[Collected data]
===============

lemma vderiv_periodic:
  assumes sm: "smooth_curve \<gamma>" and per: "\<And>s. \<gamma> (s + 1) = \<gamma> s"
  shows "vderiv n \<gamma> (s + 1) = vderiv n \<gamma> s"
proof (induction n arbitrary: s)
  case (Suc n)
  have "((\<lambda>t. vderiv n \<gamma> (t + 1)) has_vector_derivative vderiv (Suc n) \<gamma> (s + 1)) (at s)"
    using smooth_curve_has_vector_derivative[OF sm, of n "s + 1"]
    unfolding has_vector_derivative_complex_iff by (simp add: DERIV_shift)
  then have "(vderiv n \<gamma> has_vector_derivative vderiv (Suc n) \<gamma> (s + 1)) (at s)"
    using Suc by simp
  then show ?case
    using smooth_curve_has_vector_derivative[OF sm] vector_derivative_unique_at by blast
qed (use per in simp)

lemma signed_curvature_unit_speed:
  "norm (vderiv 1 \<gamma> s) = 1 \<Longrightarrow> signed_curvature \<gamma> s =
     Re (vderiv 1 \<gamma> s) * Im (vderiv 2 \<gamma> s) - Im (vderiv 1 \<gamma> s) * Re (vderiv 2 \<gamma> s)"
  unfolding signed_curvature_def by simp

lemma
  assumes "unit_length_closed_curve \<gamma>"
  shows smooth_fun_signed_curvature: "smooth_fun (signed_curvature \<gamma>)"
    and signed_curvature_periodic: "signed_curvature \<gamma> (s + 1) = signed_curvature \<gamma> s"
proof -
  have sm: "smooth_curve \<gamma>" and per: "\<And>s. \<gamma> (s + 1) = \<gamma> s"
    and curv: "signed_curvature \<gamma> = (\<lambda>s. Re (vderiv 1 \<gamma> s) * Im (vderiv 2 \<gamma> s)
                 - Im (vderiv 1 \<gamma> s) * Re (vderiv 2 \<gamma> s))"
    using assms signed_curvature_unit_speed unfolding unit_length_closed_curve_def by auto
  show "smooth_fun (signed_curvature \<gamma>)"
    unfolding curv by (intro smooth_fun_diff smooth_fun_mult smooth_fun_Re_Im_vderiv sm)
  show "signed_curvature \<gamma> (s + 1) = signed_curvature \<gamma> s"
    unfolding curv by (simp only: vderiv_periodic[OF sm per])
qed

text \<open>Frenet equation: differentiating \<open>\<bar>\<gamma>'\<bar>\<^sup>2 = 1\<close> shows that \<open>\<gamma>''\<close> is orthogonal to \<open>\<gamma>'\<close>.\<close>

lemma unit_speed_frenet:
  assumes sm: "smooth_curve \<gamma>" and unit: "\<And>s. norm (vderiv 1 \<gamma> s) = 1"
  shows "vderiv 2 \<gamma> s = \<i> * of_real (signed_curvature \<gamma> s) * vderiv 1 \<gamma> s"
proof -
  define T where "T = vderiv 1 \<gamma>"
  have T': "(T has_vector_derivative vderiv 2 \<gamma> t) (at t)" for t
    using smooth_curve_has_vector_derivative[OF sm, of 1] by (simp add: T_def numeral_2_eq_2)
  have norm1: "Re (T t) * Re (T t) + Im (T t) * Im (T t) = 1" for t
    using unit[of t, folded T_def] cmod_power2[of "T t"] by (simp add: power2_eq_square)
  have "((\<lambda>t. Re (T t) * Re (T t) + Im (T t) * Im (T t)) has_real_derivative
      Re (vderiv 2 \<gamma> s) * Re (T s) + Re (vderiv 2 \<gamma> s) * Re (T s)
      + (Im (vderiv 2 \<gamma> s) * Im (T s) + Im (vderiv 2 \<gamma> s) * Im (T s))) (at s)"
    by (intro DERIV_add DERIV_mult has_field_derivative_Re[OF T'] has_field_derivative_Im[OF T'])
  moreover have "((\<lambda>t. Re (T t) * Re (T t) + Im (T t) * Im (T t)) has_real_derivative 0) (at s)"
    unfolding norm1 by simp
  ultimately have orth: "Re (T s) * Re (vderiv 2 \<gamma> s) + Im (T s) * Im (vderiv 2 \<gamma> s) = 0"
    using DERIV_unique by fastforce
  have "(Re (T s))\<^sup>2 + (Im (T s))\<^sup>2 = 1"
    using norm1[of s] by (simp add: power2_eq_square)
  show ?thesis
    unfolding signed_curvature_unit_speed[OF unit] T_def[symmetric]
    using \<open>(Re (T s))\<^sup>2 + (Im (T s))\<^sup>2 = 1\<close> orth by (simp add: complex_eq_iff) algebra
qed

lemma has_vector_derivative_exp_minus_i:
  assumes "(\<theta> has_real_derivative \<theta>') (at t within S)"
  shows "((\<lambda>t. exp (- (\<i> * of_real (\<theta> t)))) has_vector_derivative
      of_real \<theta>' * (exp (- (\<i> * of_real (\<theta> t))) * - \<i>)) (at t within S)"
proof -
  have "((\<lambda>z. exp (- (\<i> * z))) has_field_derivative exp (- (\<i> * of_real (\<theta> t))) * - \<i>)
      (at (of_real (\<theta> t)) within (\<lambda>t. complex_of_real (\<theta> t)) ` S)"
    by (auto intro!: derivative_eq_intros)
  from field_vector_diff_chain_within[OF has_vector_derivative_of_real[OF assms] this]
  show ?thesis
    by (simp add: o_def)
qed

lemma unit_tangent_exp_turning:
  assumes \<gamma>: "unit_length_closed_curve \<gamma>" and s: "s \<in> {0..1}"
  shows "vderiv 1 \<gamma> s = vderiv 1 \<gamma> 0 * exp (\<i> * of_real (integral {0..s} (signed_curvature \<gamma>)))"
proof -
  have sm: "smooth_curve \<gamma>" and unit: "\<And>t. norm (vderiv 1 \<gamma> t) = 1"
    using \<gamma> unfolding unit_length_closed_curve_def by auto
  have T': "(vderiv 1 \<gamma> has_vector_derivative vderiv 2 \<gamma> t) (at t within {0..1})" for t
    using smooth_curve_has_vector_derivative[OF sm, of 1 t]
    by (simp add: numeral_2_eq_2 has_vector_derivative_at_within)
  define \<Theta> where "\<Theta> t = integral {0..t} (signed_curvature \<gamma>)" for t
  have \<Theta>': "(\<Theta> has_real_derivative signed_curvature \<gamma> t) (at t within {0..1})"
    if "t \<in> {0..1}" for t
    unfolding \<Theta>_def has_real_derivative_iff_has_vector_derivative
    using smooth_fun_continuous_on[OF smooth_fun_signed_curvature[OF \<gamma>], of _ 0] that
    by (intro integral_has_vector_derivative) auto
  define Z where "Z t = vderiv 1 \<gamma> t * exp (- (\<i> * of_real (\<Theta> t)))" for t
  have "(Z has_vector_derivative 0) (at t within {0..1})" if "t \<in> {0..1}" for t
  proof -
    have "vderiv 1 \<gamma> t * (of_real (signed_curvature \<gamma> t) * (exp (- (\<i> * of_real (\<Theta> t))) * - \<i>))
        + vderiv 2 \<gamma> t * exp (- (\<i> * of_real (\<Theta> t))) = 0"
      unfolding unit_speed_frenet[OF sm unit] by (simp add: algebra_simps)
    with has_vector_derivative_mult[OF T'[of t] has_vector_derivative_exp_minus_i[OF \<Theta>'[OF that]]]
    show ?thesis
      unfolding Z_def by simp
  qed
  then obtain c where "\<And>t. t \<in> {0..1} \<Longrightarrow> Z t = c"
    using has_vector_derivative_zero_constant[OF convex_real_interval(5)] by metis
  then have "Z s = Z 0"
    using s by simp
  then show ?thesis
    unfolding Z_def \<Theta>_def by (simp add: exp_minus field_simps)
qed

lemma has_integral_unit_tangent:
  assumes "unit_length_closed_curve \<gamma>"
  shows "(vderiv 1 \<gamma> has_integral 0) {0..1}"
proof -
  have "(vderiv 1 \<gamma> has_integral (\<gamma> 1 - \<gamma> 0)) {0..1}"
    using assms smooth_curve_has_vector_derivative[of \<gamma> 0] unfolding unit_length_closed_curve_def
    by (intro fundamental_theorem_of_calculus) (auto intro: has_vector_derivative_at_within)
  moreover have "\<gamma> 1 = \<gamma> 0"
    using assms unfolding unit_length_closed_curve_def by (metis add_0)
  ultimately show ?thesis by simp
qed

text \<open>The closing condition \<open>\<integral>\<^sub>0\<^sup>1 \<gamma>' = 0\<close>, written in terms of the tangent angle
  \<open>2\<pi>\<omega>s + \<phi>(s)\<close> with \<open>\<phi>(s) = \<integral>\<^sub>0\<^sup>s (k - 2\<pi>\<omega>)\<close>; it holds for every integer \<open>\<omega>\<close>.\<close>

lemma closing_condition:
  assumes \<gamma>: "unit_length_closed_curve \<gamma>"
  shows "integral {0..1} (\<lambda>s. fourier_mode \<omega> s *
    exp (\<i> * of_real (integral {0..s} (\<lambda>t. signed_curvature \<gamma> t - 2 * pi * of_int \<omega>)))) = 0"
proof -
  have ck: "continuous_on {0..s} (signed_curvature \<gamma>)" for s
    using smooth_fun_continuous_on[OF smooth_fun_signed_curvature[OF \<gamma>], of _ 0] by simp
  have tangent: "vderiv 1 \<gamma> s = vderiv 1 \<gamma> 0 * (fourier_mode \<omega> s *
      exp (\<i> * of_real (integral {0..s} (\<lambda>t. signed_curvature \<gamma> t - 2 * pi * of_int \<omega>))))"
    if "s \<in> {0..1}" for s
  proof -
    have "integral {0..s} (\<lambda>t. signed_curvature \<gamma> t - 2 * pi * of_int \<omega>)
        = integral {0..s} (signed_curvature \<gamma>) - 2 * pi * of_int \<omega> * s"
      using that ck[of s]
      by (simp add: integral_diff integrable_continuous_interval integrable_const_ivl)
    then have "integral {0..s} (signed_curvature \<gamma>)
        = 2 * pi * of_int \<omega> * s + integral {0..s} (\<lambda>t. signed_curvature \<gamma> t - 2 * pi * of_int \<omega>)"
      by simp
    then show ?thesis
      unfolding unit_tangent_exp_turning[OF \<gamma> that] fourier_mode_def
      by (simp only: of_real_add distrib_left exp_add)
  qed
  have "((\<lambda>s. vderiv 1 \<gamma> 0 * (fourier_mode \<omega> s *
      exp (\<i> * of_real (integral {0..s} (\<lambda>t. signed_curvature \<gamma> t - 2 * pi * of_int \<omega>)))))
      has_integral 0) {0..1}"
    by (rule has_integral_cong[THEN iffD1, OF tangent has_integral_unit_tangent[OF \<gamma>]])
  then have "vderiv 1 \<gamma> 0 * integral {0..1} (\<lambda>s. fourier_mode \<omega> s *
      exp (\<i> * of_real (integral {0..s} (\<lambda>t. signed_curvature \<gamma> t - 2 * pi * of_int \<omega>)))) = 0"
    by (subst integral_mult_right[symmetric]) (rule integral_unique)
  moreover have "vderiv 1 \<gamma> 0 \<noteq> 0"
    using \<gamma> unfolding unit_length_closed_curve_def by (metis norm_zero zero_neq_one)
  ultimately show ?thesis
    by simp
qed

lemma curvature_fourier_constraints:
  fixes \<gamma> :: "real \<Rightarrow> complex" and \<omega> :: int
  assumes \<gamma>: "unit_length_closed_curve \<gamma>" and turning: "turning_number \<gamma> = of_int \<omega>" and "\<omega> \<noteq> 0"
  defines "f \<equiv> \<lambda>s. signed_curvature \<gamma> s - 2 * pi * of_int \<omega>"
  shows "fourier_coeff f 0 = 0"
    and "(cmod (fourier_coeff f \<omega>))\<^sup>2 \<le> (2 * pi * of_int \<omega>)\<^sup>2 * (integral {0..1} (\<lambda>s. (f s)\<^sup>2))\<^sup>2 / 4"
    and "(cmod (fourier_coeff f (- \<omega>)))\<^sup>2 \<le> (2 * pi * of_int \<omega>)\<^sup>2 * (integral {0..1} (\<lambda>s. (f s)\<^sup>2))\<^sup>2 / 4"
proof -
  have ck: "continuous_on {0..1} (signed_curvature \<gamma>)"
    using smooth_fun_continuous_on[OF smooth_fun_signed_curvature[OF \<gamma>], of _ 0] by simp
  then have f: "continuous_on {0..1} f"
    unfolding f_def by (intro continuous_intros)
  have "integral {0..1} (signed_curvature \<gamma>) = 2 * pi * of_int \<omega>"
    using turning unfolding turning_number_def by (simp add: field_simps)
  then have mean: "integral {0..1} f = 0"
    unfolding f_def using ck by (simp add: integral_diff integrable_continuous_interval)
  then show "fourier_coeff f 0 = 0"
    by (simp add: fourier_coeff_0[OF f])
  note closing = closing_condition[OF \<gamma>, of \<omega>, folded f_def]
  show "(cmod (fourier_coeff f \<omega>))\<^sup>2 \<le> (2 * pi * of_int \<omega>)\<^sup>2 * (integral {0..1} (\<lambda>s. (f s)\<^sup>2))\<^sup>2 / 4"
    and "(cmod (fourier_coeff f (- \<omega>)))\<^sup>2 \<le> (2 * pi * of_int \<omega>)\<^sup>2 * (integral {0..1} (\<lambda>s. (f s)\<^sup>2))\<^sup>2 / 4"
    using resonant_fourier_coeff_bound[OF f mean \<open>\<omega> \<noteq> 0\<close> closing] by auto
qed
lemma averaging_recurrence_uminus:
  "averaging_recurrence u w N j0 \<Longrightarrow> averaging_recurrence (\<lambda>j. - u j) w N j0"
  unfolding averaging_recurrence_def by (auto simp: sum_negf)

context averaging_recurrence
begin

definition contraction :: real where "contraction = w 1 ^ (N - 1) * w N / 2"

lemma contraction_pos: "contraction > 0"
  unfolding contraction_def using w_1 w_N by simp

lemma contraction_le: "contraction \<le> 1 / 2"
proof -
  have "w 1 ^ (N - 1) \<le> 1" using w_1 w_le_1[of 1] N_ge_1 by (intro power_le_one) auto
  moreover have "w N \<le> 1" using w_le_1[of N] N_ge_1 by simp
  ultimately have "w 1 ^ (N - 1) * w N \<le> 1" using w_N w_1 by (intro mult_le_one) auto
  then show ?thesis unfolding contraction_def by simp
qed

lemma upper_bound_persists:
  assumes "n + N \<ge> j0" and "\<And>k. n \<le> k \<Longrightarrow> k < n + N \<Longrightarrow> u k \<le> hi" and "k \<ge> n"
  shows "u k \<le> hi"
  using averaging_recurrence.lower_bound_persists[OF averaging_recurrence_uminus[OF
      averaging_recurrence_axioms], of n "- hi" k] assms by simp

text \<open>Whichever half of [lo, hi] contains u n, the bound on the other side improves.\<close>

lemma window_contracts:
  assumes n: "n + N \<ge> j0" and b: "\<And>k. n \<le> k \<Longrightarrow> k < n + N \<Longrightarrow> lo \<le> u k \<and> u k \<le> hi"
  shows "\<exists>lo' hi'. lo \<le> lo' \<and> hi' - lo' \<le> (1 - contraction) * (hi - lo) \<and>
     (\<forall>k. n + N \<le> k \<longrightarrow> k < n + N + N \<longrightarrow> lo' \<le> u k \<and> u k \<le> hi')"
proof -
  have lo_all: "lo \<le> u k" and hi_all: "u k \<le> hi" if "n \<le> k" for k
    using lower_bound_persists[OF n _ that, of lo] upper_bound_persists[OF n _ that, of hi] b
    by auto
  define D where "D = hi - lo"
  have D: "D \<ge> 0" using b[of n] N_ge_1 unfolding D_def by simp
  have gain: "contraction * D = w 1 ^ (N - 1) * w N * (D / 2)" unfolding contraction_def by simp
  show ?thesis
  proof (cases "lo + D / 2 \<le> u n")
    case True
    have "lo + contraction * D \<le> u k" if "n + N \<le> k" "k < n + N + N" for k
      unfolding gain by (rule lower_bound_gain[OF n _ True]) (use b D that in auto)
    then show ?thesis using hi_all contraction_pos D
      by (intro exI[of _ "lo + contraction * D"] exI[of _ hi]) (auto simp: D_def algebra_simps)
  next
    case False
    then have "- hi + D / 2 \<le> - u n" unfolding D_def by (simp add: field_simps)
    then have "- hi + contraction * D \<le> - u k" if "n + N \<le> k" "k < n + N + N" for k
      unfolding gain
      using averaging_recurrence.lower_bound_gain[OF averaging_recurrence_uminus[OF
          averaging_recurrence_axioms] n, of "- hi" "D / 2" k] b D that by auto
    then show ?thesis using lo_all contraction_pos D
      by (intro exI[of _ lo] exI[of _ "hi - contraction * D"]) (auto simp: D_def algebra_simps)
  qed
qed
lemma jordan_eq_zero_if_additive:
  assumes t: "\<Phi> t = \<Phi> a + \<Phi> b" and q: "star q = q"
    and additive: "\<Phi> (kappa *\<^sub>C jordan q a + kappa *\<^sub>C jordan q b)
                   = \<Phi> (kappa *\<^sub>C jordan q a) + \<Phi> (kappa *\<^sub>C jordan q b)"
  shows "jordan q (t - a - b) = 0"
proof -
  have "\<Phi> (kappa *\<^sub>C jordan q t) = \<Phi> (kappa *\<^sub>C jordan q a + kappa *\<^sub>C jordan q b)"
    using Phi_additive_transfer(1)[OF t, of "kappa *\<^sub>C q"] additive
    unfolding diamond_kappa_self_adjoint[OF q] by simp
  then have "kappa *\<^sub>C jordan q t = kappa *\<^sub>C (jordan q a + jordan q b)"
    using Phi_inj scaleC_add_right by metis
  then have "jordan q t = jordan q a + jordan q b"
    using scaleC_left_imp_eq kappa_def by (metis zero_neq_one complex_i_not_zero)
  then show ?thesis by (simp add: jordan_diff_right)
qed

lemma jordan_eq_zero_if_one_vanishes:
  assumes "\<Phi> t = \<Phi> a + \<Phi> b" "star q = q" "jordan q a = 0 \<or> jordan q b = 0"
  shows "jordan q (t - a - b) = 0"
  using jordan_eq_zero_if_additive[OF assms(1,2)] assms(3) by auto

lemma diamond_self_adjoint_right:
  "star q = q \<Longrightarrow> diamond x q = mul x q + \<sigma> *\<^sub>C star (mul x q)"
  unfolding diamond_def by (simp add: star_mul)

lemma Phi_addI:
  assumes "\<And>t. \<Phi> t = \<Phi> x + \<Phi> y \<Longrightarrow> t - x - y = 0"
  shows "\<Phi> (x + y) = \<Phi> x + \<Phi> y"
  using assms Phi_surj by (metis diff_diff_eq eq_iff_diff_eq_0)

lemma Phi_add_11_22:
  assumes x: "eig x 1 1" and y: "eig y 0 0"
  shows "\<Phi> (x + y) = \<Phi> x + \<Phi> y"
proof (rule Phi_addI)
  fix t assume t: "\<Phi> t = \<Phi> x + \<Phi> y"
  have "jordan e y = 0" "jordan f x = 0"
    using jordan_e_eig[OF x] jordan_e_eig[OF y] by (simp_all add: jordan_f scaleR_2)
  then have "jordan e (t - x - y) = 0" "jordan f (t - x - y) = 0"
    using jordan_eq_zero_if_one_vanishes[OF t] by simp_all
  then show "t - x - y = 0" unfolding jordan_f by (simp add: double_eq_zero_iff)
qed

lemma Phi_add_P11_zero_11:
  assumes x: "P11 x = 0" and d: "eig d 1 1"
  shows "\<Phi> (x + d) = \<Phi> x + \<Phi> d"
proof (rule Phi_addI)
  fix t assume t: "\<Phi> t = \<Phi> x + \<Phi> d"
  have "jordan f d = 0" using jordan_e_eig[OF d] by (simp add: jordan_f scaleR_2)
  then have jordan_f_D: "jordan f (t - x - d) = 0" using jordan_eq_zero_if_one_vanishes[OF t] by simp
  have "eig (kappa *\<^sub>C jordan (e - f) x) 0 0"
    unfolding jordan_e_minus_f_peirce x using eig_P22 by (simp add: eig_scaleC eig_scaleR eig_minus)
  moreover have "eig (kappa *\<^sub>C jordan (e - f) d) 1 1"
    by (rule eig_scaleC[OF eig_jordan_e_minus_f[OF d]])
  ultimately have "jordan (e - f) (t - x - d) = 0"
    using jordan_eq_zero_if_additive[OF t star_e_minus_f] Phi_add_11_22 by (simp add: add.commute)
  moreover have "jordan e (t - x - d) = (t - x - d) + (t - x - d)"
    using jordan_f_D unfolding jordan_f by simp
  ultimately show "t - x - d = 0" unfolding jordan_e_minus_f by (simp add: double_eq_zero_iff)
qed

lemma Phi_add_P22_zero_22:
  assumes x: "P22 x = 0" and d: "eig d 0 0"
  shows "\<Phi> (x + d) = \<Phi> x + \<Phi> d"
proof (rule Phi_addI)
  fix t assume t: "\<Phi> t = \<Phi> x + \<Phi> d"
  have "jordan e d = 0" using jordan_e_eig[OF d] by simp
  then have jordan_e_D: "jordan e (t - x - d) = 0" using jordan_eq_zero_if_one_vanishes[OF t] by simp
  have "eig (kappa *\<^sub>C jordan (e - f) x) 1 1"
    unfolding jordan_e_minus_f_peirce x using eig_P11 by (simp add: eig_scaleC eig_scaleR)
  moreover have "eig (kappa *\<^sub>C jordan (e - f) d) 0 0"
    by (rule eig_scaleC[OF eig_jordan_e_minus_f[OF d]])
  ultimately have "jordan (e - f) (t - x - d) = 0"
    using jordan_eq_zero_if_additive[OF t star_e_minus_f] Phi_add_11_22 by simp
  then show "t - x - d = 0"
    using jordan_e_D unfolding jordan_e_minus_f by (simp add: double_eq_zero_iff)
qed

lemma Phi_add_12_21:
  assumes u: "eig u 1 0" and v: "eig v 0 1"
  shows "\<Phi> (u + v) = \<Phi> u + \<Phi> v"
proof (rule Phi_addI)
  fix t assume t: "\<Phi> t = \<Phi> u + \<Phi> v"
  let ?D = "t - u - v"
  have "jordan (e - f) u = 0" "jordan (e - f) v = 0"
    unfolding jordan_e_minus_f using jordan_e_eig[OF u] jordan_e_eig[OF v] by simp_all
  then have "jordan (e - f) ?D = 0" using jordan_eq_zero_if_one_vanishes[OF t] by simp
  then have "jordan e ?D = ?D"
    unfolding jordan_e_minus_f by (simp add: double_eq_double_iff)
  have "diamond u e = 0" "diamond v f = 0"
    using u v unfolding eig_def by (simp_all add: diamond_self_adjoint_right mul_f_right)
  then have "diamond t e = diamond v e" "diamond t f = diamond u f"
    using Phi_additive_transfer(2)[OF t, of e] Phi_additive_transfer(2)[OF t, of f]
    by (simp_all add: Phi_inj)
  then have "diamond ?D e = 0" "diamond ?D f = 0"
    using \<open>diamond u e = 0\<close> \<open>diamond v f = 0\<close> by (simp_all add: diamond_diff_left)
  show "?D = 0"
    by (rule eq_zero_if_jordan_e_eq_and_skew[OF \<open>jordan e ?D = ?D\<close>])
      (use \<open>diamond ?D e = 0\<close> \<open>diamond ?D f = 0\<close> in \<open>simp_all add: diamond_self_adjoint_right\<close>)
qed

lemma Phi_peirce_decomposition: "\<Phi> x = \<Phi> (P11 x) + \<Phi> (P12 x) + \<Phi> (P21 x) + \<Phi> (P22 x)"
proof -
  have "P11 (P12 x + P21 x + P22 x) = 0"
    using peirce_components_unique(1)[OF eig_zero eig_P12 eig_P21 eig_P22, of "P12 x + P21 x + P22 x"]
    by (simp add: add.assoc)
  then have "\<Phi> x = \<Phi> (P12 x + P21 x + P22 x) + \<Phi> (P11 x)"
    using Phi_add_P11_zero_11[OF _ eig_P11] peirce_decomposition[of x]
    by (metis add.commute add.assoc)
  also have "P22 (P12 x + P21 x) = 0"
    using peirce_components_unique(4)[OF eig_zero eig_P12 eig_P21 eig_zero, of "P12 x + P21 x"]
    by simp
  then have "\<Phi> (P12 x + P21 x + P22 x) = \<Phi> (P12 x) + \<Phi> (P21 x) + \<Phi> (P22 x)"
    using Phi_add_P22_zero_22[OF _ eig_P22] Phi_add_12_21[OF eig_P12 eig_P21] by simp
  finally show ?thesis by (simp add: algebra_simps)
qed

lemma Phi_add_peirce_components:
  assumes "eig w11 1 1" "eig w12 1 0" "eig w21 0 1" "eig w22 0 0"
  shows "\<Phi> (w11 + w12 + w21 + w22) = \<Phi> w11 + \<Phi> w12 + \<Phi> w21 + \<Phi> w22"
  using Phi_peirce_decomposition[of "w11 + w12 + w21 + w22"] peirce_components_unique[OF assms refl]
  by simp

lemma diamond_e_f: "diamond e f = 0"
  unfolding diamond_def by (simp add: mul_f_left mul_f_right)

===============

■ WHAT IS BEING ASKED:
Only one span is to be repeated: the line with "peirce_components_unique[OF assms refl]" through the final line of the entries above, word for word.

■ TASK ANSWER:
  using Phi_peirce_decomposition[of "w11 + w12 + w21 + w22"] peirce_components_unique[OF assms refl]
  by simp

lemma diamond_e_f: "diamond e f = 0"
  unfolding diamond_def by (simp add: mul_f_left mul_f_right)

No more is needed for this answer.